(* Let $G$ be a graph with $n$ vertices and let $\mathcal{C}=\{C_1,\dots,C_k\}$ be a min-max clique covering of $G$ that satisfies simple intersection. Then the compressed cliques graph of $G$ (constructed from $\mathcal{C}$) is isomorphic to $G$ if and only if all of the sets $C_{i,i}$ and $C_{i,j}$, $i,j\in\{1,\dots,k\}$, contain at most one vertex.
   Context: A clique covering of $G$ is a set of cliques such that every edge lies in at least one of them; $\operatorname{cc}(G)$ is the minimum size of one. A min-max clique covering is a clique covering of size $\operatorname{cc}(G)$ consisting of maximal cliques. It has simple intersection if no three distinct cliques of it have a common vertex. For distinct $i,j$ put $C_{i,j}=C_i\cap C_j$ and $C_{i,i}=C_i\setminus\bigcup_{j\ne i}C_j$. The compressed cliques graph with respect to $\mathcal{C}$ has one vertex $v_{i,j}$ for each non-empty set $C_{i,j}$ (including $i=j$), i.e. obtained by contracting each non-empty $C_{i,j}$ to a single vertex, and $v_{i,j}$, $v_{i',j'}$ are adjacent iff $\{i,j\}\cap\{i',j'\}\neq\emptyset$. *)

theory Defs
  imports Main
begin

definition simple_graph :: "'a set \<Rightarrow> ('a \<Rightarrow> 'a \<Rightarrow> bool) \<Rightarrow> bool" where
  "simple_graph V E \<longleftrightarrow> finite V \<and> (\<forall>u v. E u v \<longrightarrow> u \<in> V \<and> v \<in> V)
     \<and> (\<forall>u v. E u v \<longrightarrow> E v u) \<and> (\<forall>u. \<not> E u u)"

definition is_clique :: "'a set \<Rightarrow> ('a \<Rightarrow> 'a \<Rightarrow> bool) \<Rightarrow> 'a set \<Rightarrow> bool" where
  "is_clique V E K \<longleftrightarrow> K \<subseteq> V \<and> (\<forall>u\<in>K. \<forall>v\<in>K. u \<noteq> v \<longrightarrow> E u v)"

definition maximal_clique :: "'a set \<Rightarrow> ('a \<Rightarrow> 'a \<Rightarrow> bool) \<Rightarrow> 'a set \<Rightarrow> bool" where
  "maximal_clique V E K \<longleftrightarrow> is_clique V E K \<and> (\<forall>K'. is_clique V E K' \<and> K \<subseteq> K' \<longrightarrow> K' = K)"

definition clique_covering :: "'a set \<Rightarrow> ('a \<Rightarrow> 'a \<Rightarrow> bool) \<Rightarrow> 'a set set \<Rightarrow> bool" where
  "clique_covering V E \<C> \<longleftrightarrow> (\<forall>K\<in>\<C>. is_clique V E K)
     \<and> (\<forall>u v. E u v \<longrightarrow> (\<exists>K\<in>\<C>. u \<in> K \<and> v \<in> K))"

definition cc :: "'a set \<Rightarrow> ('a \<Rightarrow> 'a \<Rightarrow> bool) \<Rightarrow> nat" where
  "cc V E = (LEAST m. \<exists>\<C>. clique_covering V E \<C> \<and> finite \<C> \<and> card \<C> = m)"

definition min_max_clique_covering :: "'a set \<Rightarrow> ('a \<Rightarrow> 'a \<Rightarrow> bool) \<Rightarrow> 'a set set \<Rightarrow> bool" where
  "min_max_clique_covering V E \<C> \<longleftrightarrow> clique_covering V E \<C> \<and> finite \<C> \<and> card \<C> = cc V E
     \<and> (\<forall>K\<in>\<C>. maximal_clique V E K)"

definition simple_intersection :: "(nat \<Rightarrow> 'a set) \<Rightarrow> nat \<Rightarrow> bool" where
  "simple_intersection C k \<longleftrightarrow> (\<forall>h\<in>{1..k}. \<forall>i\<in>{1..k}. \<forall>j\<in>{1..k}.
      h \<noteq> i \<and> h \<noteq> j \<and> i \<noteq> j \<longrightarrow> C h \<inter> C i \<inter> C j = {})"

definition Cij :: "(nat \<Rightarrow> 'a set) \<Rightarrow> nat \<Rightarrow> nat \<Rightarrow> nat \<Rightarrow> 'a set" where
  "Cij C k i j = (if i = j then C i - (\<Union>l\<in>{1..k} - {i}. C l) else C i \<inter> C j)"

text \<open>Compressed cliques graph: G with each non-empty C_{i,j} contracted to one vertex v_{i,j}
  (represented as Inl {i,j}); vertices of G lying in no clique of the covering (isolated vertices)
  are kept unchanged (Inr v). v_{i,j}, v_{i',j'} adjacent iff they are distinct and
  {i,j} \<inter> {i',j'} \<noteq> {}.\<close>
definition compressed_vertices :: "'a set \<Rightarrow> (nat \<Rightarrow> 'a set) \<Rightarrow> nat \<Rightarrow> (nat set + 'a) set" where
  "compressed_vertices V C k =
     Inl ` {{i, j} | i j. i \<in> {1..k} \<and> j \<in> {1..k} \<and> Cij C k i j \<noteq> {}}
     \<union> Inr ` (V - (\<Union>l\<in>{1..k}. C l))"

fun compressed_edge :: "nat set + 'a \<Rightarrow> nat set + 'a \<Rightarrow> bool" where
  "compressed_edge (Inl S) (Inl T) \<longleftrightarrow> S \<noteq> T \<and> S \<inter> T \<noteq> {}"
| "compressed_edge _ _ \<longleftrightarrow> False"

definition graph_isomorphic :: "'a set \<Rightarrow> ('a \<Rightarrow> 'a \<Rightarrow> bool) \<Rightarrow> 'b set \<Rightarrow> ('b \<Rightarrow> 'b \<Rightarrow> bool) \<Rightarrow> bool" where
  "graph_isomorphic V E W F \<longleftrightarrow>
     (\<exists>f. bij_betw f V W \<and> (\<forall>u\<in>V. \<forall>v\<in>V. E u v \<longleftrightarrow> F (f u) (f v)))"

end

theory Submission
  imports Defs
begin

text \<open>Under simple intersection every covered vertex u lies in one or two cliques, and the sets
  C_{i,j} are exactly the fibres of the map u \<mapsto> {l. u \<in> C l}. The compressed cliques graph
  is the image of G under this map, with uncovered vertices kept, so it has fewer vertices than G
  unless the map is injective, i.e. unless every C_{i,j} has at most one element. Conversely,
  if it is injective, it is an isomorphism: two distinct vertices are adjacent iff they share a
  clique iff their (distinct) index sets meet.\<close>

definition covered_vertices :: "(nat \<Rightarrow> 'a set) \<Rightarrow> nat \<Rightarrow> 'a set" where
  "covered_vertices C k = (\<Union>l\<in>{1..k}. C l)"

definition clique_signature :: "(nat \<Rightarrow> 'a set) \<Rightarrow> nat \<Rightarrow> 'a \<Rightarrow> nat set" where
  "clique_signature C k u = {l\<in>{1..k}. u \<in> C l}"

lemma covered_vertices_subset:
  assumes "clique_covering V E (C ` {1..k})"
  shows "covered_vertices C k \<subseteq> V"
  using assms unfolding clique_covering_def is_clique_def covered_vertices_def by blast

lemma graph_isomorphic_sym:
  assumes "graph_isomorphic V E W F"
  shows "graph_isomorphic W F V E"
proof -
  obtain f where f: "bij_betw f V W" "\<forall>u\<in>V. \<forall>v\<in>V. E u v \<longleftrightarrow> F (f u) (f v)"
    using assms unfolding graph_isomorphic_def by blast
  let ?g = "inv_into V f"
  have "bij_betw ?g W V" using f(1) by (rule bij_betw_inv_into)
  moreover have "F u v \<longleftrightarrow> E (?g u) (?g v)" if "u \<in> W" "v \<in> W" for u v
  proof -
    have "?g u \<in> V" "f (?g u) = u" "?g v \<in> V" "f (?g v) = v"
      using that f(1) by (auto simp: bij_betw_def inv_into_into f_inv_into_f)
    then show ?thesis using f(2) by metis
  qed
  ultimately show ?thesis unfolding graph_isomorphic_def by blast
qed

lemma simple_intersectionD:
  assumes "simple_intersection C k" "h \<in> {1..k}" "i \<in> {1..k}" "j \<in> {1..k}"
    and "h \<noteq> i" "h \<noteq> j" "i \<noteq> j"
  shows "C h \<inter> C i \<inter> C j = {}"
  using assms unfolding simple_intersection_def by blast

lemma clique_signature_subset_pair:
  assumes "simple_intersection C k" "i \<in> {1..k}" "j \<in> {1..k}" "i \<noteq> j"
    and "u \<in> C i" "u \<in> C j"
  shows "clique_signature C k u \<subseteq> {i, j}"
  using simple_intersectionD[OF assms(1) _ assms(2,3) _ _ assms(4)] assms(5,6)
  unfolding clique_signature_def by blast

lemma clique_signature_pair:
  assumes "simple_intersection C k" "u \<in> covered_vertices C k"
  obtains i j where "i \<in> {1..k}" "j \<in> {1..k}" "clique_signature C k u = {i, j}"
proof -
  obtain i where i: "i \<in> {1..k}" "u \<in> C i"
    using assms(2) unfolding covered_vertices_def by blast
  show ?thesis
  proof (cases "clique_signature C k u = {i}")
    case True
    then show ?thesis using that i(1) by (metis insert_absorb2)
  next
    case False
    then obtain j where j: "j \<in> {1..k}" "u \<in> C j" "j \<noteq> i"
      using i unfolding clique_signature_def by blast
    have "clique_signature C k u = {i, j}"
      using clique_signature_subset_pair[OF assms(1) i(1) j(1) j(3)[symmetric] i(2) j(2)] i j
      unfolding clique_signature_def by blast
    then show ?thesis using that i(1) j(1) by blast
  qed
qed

**TASK BRIEF**. Please transcribe only the lines in the records above running from the line that has "k u \<subseteq>" through the line that has "obtain i where", both included, exactly as they appear.

**SOLVED PROBLEM**.
  shows "clique_signature C k u \<subseteq> {i, j}"
  using simple_intersectionD[OF assms(1) _ assms(2,3) _ _ assms(4)] assms(5,6)
  unfolding clique_signature_def by blast

lemma clique_signature_pair:
  assumes "simple_intersection C k" "u \<in> covered_vertices C k"
  obtains i j where "i \<in> {1..k}" "j \<in> {1..k}" "clique_signature C k u = {i, j}"
proof -
  obtain i where i: "i \<in> {1..k}" "u \<in> C i"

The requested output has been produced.